Eric: Right. And that was like, this is the, I just want to be open about it.
Bret: No, I look, I appreciate it, and I'm glad to have this story out. The story has many different layers of meanings. I know, I remember where I was when I finally sat down to watch Carol Greider's Nobel lecture and I had one of the oddest experiences of my life. I was actually in a hammock watching her lecture, watching her present my hypothesis without my name anywhere on it, and then she projects this image from her paper with Mike Hemann, and I was flooded with two simultaneous emotions that are just completely incompatible. Right? I've never felt anything like it. I was absolutely elated to see my work projected on a Nobel stage, right? That changed me.

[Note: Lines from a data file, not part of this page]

(* Let $n$ DMUs, indexed by $J$, each use $m$ inputs (indexed by $I$) and produce $s$ outputs (indexed by $R$), with $n\ge2(m+s)$ and all data $x_{ij}>0$, $y_{rj}>0$. Let $o$ be a DMU that is efficient in the PT model (PT efficiency equal to $1$). For a goal price $\tau_o>0$, the TVG (primal) program of the sPT model is $$\Delta_o^{sPT}=\max_{v_o,u_o}\ -\sum_{i}v_{io}x_{io}+\sum_r u_{ro}y_{ro}$$ subject to $-\sum_i v_{io}x_{ij}+\sum_r u_{ro}y_{rj}\le0$ for all $j\in J\setminus\{o\}$, $x_{io}v_{io}\ge\tau_o$ ($i\in I$), $y_{ro}u_{ro}\ge\tau_o$ ($r\in R$), with $v_o\ge0$ and $u_o$ free. Let $(v_o^\#,u_o^\#)$ be optimal for $\tau_o=1$ (Step I), $\bar t=1/\sum_r u^\#_{ro}y_{ro}$, and $(v_o^\star,u_o^\star)=\bar t(v_o^\#,u_o^\#)$ (Step II). With $\alpha_o^\star=\sum_i v^\star_{io}x_{io}$ and $\beta_o^\star=\sum_r u^\star_{ro}y_{ro}$, the super-pure-technical efficiency $E_o^{sPT\star}=\beta_o^\star/\alpha_o^\star$ satisfies $E_o^{sPT\star}\ge1$.
   Context: The PT model for DMU-$o$ is the linear program $\min\sum_i v_{io}x_{io}-\sum_r u_{ro}y_{ro}$ s.t. $\sum_i v_{io}x_{ij}-\sum_r u_{ro}y_{rj}\ge0$ ($j\in J$), $x_{io}v_{io}\ge\tau_o$, $y_{ro}u_{ro}\ge\tau_o$, $v_o,u_o$ free; its efficiency is $\sum_r u^\star_{ro}y_{ro}/\sum_i v^\star_{io}x_{io}$ at an optimal solution. The TAP (dual) program of the sPT model is $\min\sum_iQ_{io}\tau_o+\sum_rP_{ro}\tau_o$ s.t. $-\sum_{j\ne o}x_{ij}\pi_{jo}+Q_{io}x_{io}\ge-x_{io}$, $\sum_{j\ne o}y_{rj}\pi_{jo}+P_{ro}y_{ro}=y_{ro}$, $\pi_o,Q_o,P_o\ge0$. *)

theory Defs
  imports Complex_Main
begin

text \<open>DEA data: inputs indexed by I, outputs by R, DMUs by J.
  x i j = input i of DMU j, y r j = output r of DMU j.
  Multiplier vectors are total functions; only their values on I resp. R matter.\<close>

definition virtual_input :: "'i set \<Rightarrow> ('i \<Rightarrow> 'j \<Rightarrow> real) \<Rightarrow> ('i \<Rightarrow> real) \<Rightarrow> 'j \<Rightarrow> real" where
  "virtual_input I x v j = (\<Sum>i\<in>I. v i * x i j)"

definition virtual_output :: "'r set \<Rightarrow> ('r \<Rightarrow> 'j \<Rightarrow> real) \<Rightarrow> ('r \<Rightarrow> real) \<Rightarrow> 'j \<Rightarrow> real" where
  "virtual_output R y u j = (\<Sum>r\<in>R. u r * y r j)"

definition PT_feasible where
  "PT_feasible I R J x y d0 tau v u \<longleftrightarrow>
     (\<forall>j\<in>J. virtual_input I x v j - virtual_output R y u j \<ge> 0) \<and>
     (\<forall>i\<in>I. x i d0 * v i \<ge> tau) \<and> (\<forall>r\<in>R. y r d0 * u r \<ge> tau)"

definition PT_objective where
  "PT_objective I R x y d0 v u = virtual_input I x v d0 - virtual_output R y u d0"

definition PT_optimal where
  "PT_optimal I R J x y d0 tau v u \<longleftrightarrow>
     PT_feasible I R J x y d0 tau v u \<and>
     (\<forall>v' u'. PT_feasible I R J x y d0 tau v' u' \<longrightarrow>
        PT_objective I R x y d0 v u \<le> PT_objective I R x y d0 v' u')"

definition PT_efficiency where
  "PT_efficiency I R x y d0 v u = virtual_output R y u d0 / virtual_input I x v d0"

definition PT_efficient where
  "PT_efficient I R J x y d0 \<longleftrightarrow>
     (\<exists>tau>0. \<exists>v u. PT_optimal I R J x y d0 tau v u \<and> PT_efficiency I R x y d0 v u = 1)"

definition sPT_feasible where
  "sPT_feasible I R J x y d0 tau v u \<longleftrightarrow>
     (\<forall>j\<in>J - {d0}. - virtual_input I x v j + virtual_output R y u j \<le> 0) \<and>
     (\<forall>i\<in>I. x i d0 * v i \<ge> tau) \<and> (\<forall>r\<in>R. y r d0 * u r \<ge> tau) \<and>
     (\<forall>i\<in>I. v i \<ge> 0)"

definition sPT_objective where
  "sPT_objective I R x y d0 v u = - virtual_input I x v d0 + virtual_output R y u d0"

definition sPT_optimal where
  "sPT_optimal I R J x y d0 tau v u \<longleftrightarrow>
     sPT_feasible I R J x y d0 tau v u \<and>
     (\<forall>v' u'. sPT_feasible I R J x y d0 tau v' u' \<longrightarrow>
        sPT_objective I R x y d0 v' u' \<le> sPT_objective I R x y d0 v u)"

end

theory Submission
  imports Defs
begin

text \<open>For a PT-efficient DMU o, an optimal PT solution has virtual output equal to virtual
  input. Its input multipliers are positive, so after division by its goal price it is a
  feasible TVG solution for goal price 1 (the TVG program merely drops the constraint of
  DMU o) with objective value 0. Hence the optimal TVG value is nonnegative, that is
  \<open>\<beta> \<ge> \<alpha>\<close> already for the Step I solution, and the Step II normalisation rescales
  \<open>\<alpha>\<close> and \<open>\<beta>\<close> by the same positive factor.\<close>

lemma virtual_input_scale:
  "virtual_input I x (\<lambda>i. c * v i) j = c * virtual_input I x v j"
  unfolding virtual_input_def by (simp add: sum_distrib_left mult.assoc)

lemma virtual_output_scale:
  "virtual_output R y (\<lambda>r. c * u r) j = c * virtual_output R y u j"
  unfolding virtual_output_def by (simp add: sum_distrib_left mult.assoc)

lemma sPT_objective_scale:
  "sPT_objective I R x y d0 (\<lambda>i. c * v i) (\<lambda>r. c * u r) = c * sPT_objective I R x y d0 v u"
  unfolding sPT_objective_def virtual_input_scale virtual_output_scale
  by (simp add: algebra_simps)

lemma sPT_feasible_scale:
  assumes "c > 0" and "sPT_feasible I R J x y d0 tau v u"
  shows "sPT_feasible I R J x y d0 (c * tau) (\<lambda>i. c * v i) (\<lambda>r. c * u r)"
proof -
  have "- (c * a) + c * b \<le> 0" if "- a + b \<le> (0::real)" for a b
  proof -
    have "c * (- a + b) \<le> 0"
      using that \<open>c > 0\<close> by (simp add: mult_nonneg_nonpos)
    then show ?thesis by (simp add: algebra_simps)
  qed
  moreover have "c * tau \<le> z * (c * w)" if "tau \<le> z * w" for z w :: real
    using that \<open>c > 0\<close> by (simp add: mult.left_commute)
  ultimately show ?thesis
    using assms unfolding sPT_feasible_def virtual_input_scale virtual_output_scale
    by auto
qed

lemma PT_feasible_imp_sPT_feasible:
  assumes "PT_feasible I R J x y d0 tau v u" and "\<forall>i\<in>I. v i \<ge> 0"
  shows "sPT_feasible I R J x y d0 tau v u"
  using assms unfolding PT_feasible_def sPT_feasible_def by auto

lemma PT_feasible_input_multiplier_pos:
  assumes "PT_feasible I R J x y d0 tau v u" and "tau > 0"
    and "i \<in> I" and "x i d0 > 0"
  shows "v i > 0"
proof -
  have "x i d0 * v i > 0"
    using assms unfolding PT_feasible_def by fastforce
  then show ?thesis
    using \<open>x i d0 > 0\<close> by (simp add: zero_less_mult_iff)
qed

lemma sPT_feasible_virtual_input_pos:
  assumes "sPT_feasible I R J x y d0 tau v u" and "tau > 0" and "finite I" "I \<noteq> {}"
  shows "virtual_input I x v d0 > 0"
  unfolding virtual_input_def
proof (rule sum_pos[OF \<open>finite I\<close> \<open>I \<noteq> {}\<close>])
  fix i assume "i \<in> I"
  then show "v i * x i d0 > 0"
    using assms(1,2) unfolding sPT_feasible_def by (fastforce simp: mult.commute)
qed

lemma sPT_feasible_virtual_output_pos:
  assumes "sPT_feasible I R J x y d0 tau v u" and "tau > 0" and "finite R" "R \<noteq> {}"
  shows "virtual_output R y u d0 > 0"
  unfolding virtual_output_def
proof (rule sum_pos[OF \<open>finite R\<close> \<open>R \<noteq> {}\<close>])
  fix r assume "r \<in> R"
  then show "u r * y r d0 > 0"
    using assms(1,2) unfolding sPT_feasible_def by (fastforce simp: mult.commute)
qed

lemma PT_efficient_imp_sPT_optimal_value_nonneg:
  assumes "PT_efficient I R J x y d0" and "sPT_optimal I R J x y d0 1 vh uh"
    and "finite I" "I \<noteq> {}" and "\<forall>i\<in>I. x i d0 > 0"
  shows "sPT_objective I R x y d0 vh uh \<ge> 0"
proof -
  obtain tau v u where "tau > 0" and opt: "PT_optimal I R J x y d0 tau v u"
    and eff: "PT_efficiency I R x y d0 v u = 1"
    using assms(1) unfolding PT_efficient_def by blast
  have PT_feas: "PT_feasible I R J x y d0 tau v u"
    using opt unfolding PT_optimal_def by simp
  have v_pos: "\<forall>i\<in>I. v i > 0"
    using PT_feasible_input_multiplier_pos[OF PT_feas \<open>tau > 0\<close>] assms(5) by blast
  have sPT_feas: "sPT_feasible I R J x y d0 tau v u"
    using PT_feasible_imp_sPT_feasible[OF PT_feas] v_pos by (simp add: less_imp_le)
  have "virtual_input I x v d0 > 0"
    using sPT_feasible_virtual_input_pos[OF sPT_feas \<open>tau > 0\<close> assms(3,4)] .
  with eff have "sPT_objective I R x y d0 v u = 0"
    unfolding PT_efficiency_def sPT_objective_def by simp
  moreover have "sPT_feasible I R J x y d0 1 (\<lambda>i. (1 / tau) * v i) (\<lambda>r. (1 / tau) * u r)"
    using sPT_feasible_scale[OF _ sPT_feas, of "1 / tau"] \<open>tau > 0\<close> by simp
  ultimately show ?thesis
    using assms(2) sPT_objective_scale[of I R x y d0 "1 / tau" v u]
    unfolding sPT_optimal_def by fastforce
qed

theorem theorem6:
  fixes I :: "'i set" and R :: "'r set" and J :: "'j set"
    and x :: "'i \<Rightarrow> 'j \<Rightarrow> real" and y :: "'r \<Rightarrow> 'j \<Rightarrow> real" and d0 :: 'j
    and vh :: "'i \<Rightarrow> real" and uh :: "'r \<Rightarrow> real"
  assumes "finite I" "finite R" "finite J"
    and "I \<noteq> {}" "R \<noteq> {}"
    and "d0 \<in> J"
    and "card J \<ge> 2 * (card I + card R)"
    and "\<forall>i\<in>I. \<forall>j\<in>J. x i j > 0"
    and "\<forall>r\<in>R. \<forall>j\<in>J. y r j > 0"
    and "PT_efficient I R J x y d0"
    and "sPT_optimal I R J x y d0 1 vh uh"
  shows "let tbar = 1 / virtual_output R y uh d0;
             vstar = (\<lambda>i. tbar * vh i);
             ustar = (\<lambda>r. tbar * uh r);
             alpha = virtual_input I x vstar d0;
             beta = virtual_output R y ustar d0
         in beta / alpha \<ge> 1"
proof -
  define A where "A = virtual_input I x vh d0"
  define B where "B = virtual_output R y uh d0"
  have feas: "sPT_feasible I R J x y d0 1 vh uh"
    using assms(11) unfolding sPT_optimal_def by simp
  have "A > 0"
    unfolding A_def using sPT_feasible_virtual_input_pos[OF feas _ assms(1,4)] by simp
  moreover have "B > 0"
    unfolding B_def using sPT_feasible_virtual_output_pos[OF feas _ assms(2,5)] by simp
  moreover have "A \<le> B"
    using PT_efficient_imp_sPT_optimal_value_nonneg[OF assms(10,11,1,4)] assms(6,8)
    unfolding A_def B_def sPT_objective_def by simp
  ultimately show ?thesis
    unfolding Let_def virtual_input_scale virtual_output_scale A_def[symmetric] B_def[symmetric]
    by simp
qed

end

Eric: You know I called the horse and rider problem?
Eric: The point of the official complex of science is to knock the rider and take the horse, where the horse is the theory and the rider is the attribution.
Bret: Well, this was it. I was elated and livid simultaneously, and I can still almost feel what it was almost like my body was trying to figure out one half supposed to feel one thing and the other feels the other? But, this story has many levels of importance. Personally, it gave me the ability—I was already, as you are, very good at not being persuaded by the fact that everybody else disagrees with you, that that has an implication. Every great idea starts with a minority of one and you have to be able to endure being alone with a great idea in order to advance the ball significantly. This story was so extreme and so clear in the end that it just left no doubt. And I must say, I don't know how young students can arrange to confront materials so that if they're really good, they get a clear demonstration like this, that they're really good. So they know to keep going.
Eric: Bret, look, I think you're selfish, and I don't mean to be horrible about it. I think that the story is an inspiration. I've lived the story with you. I have my own version of the story where instead of it being the slide from the paper of Grider and Hemann, it's equations that are known as the Sieberg-Witten equations. And you see what you did, with somebody else putting, you know, putting it up on a board, it starts to change the field, and you suddenly say, you mean I'm not an idiot? Right? And what I'm claiming is that the next layer of this is, “Well, why don't you just submit a paper? If you have ideas, submit a paper, submit a paper, submit a paper.” Who is this fucking suppose to fool?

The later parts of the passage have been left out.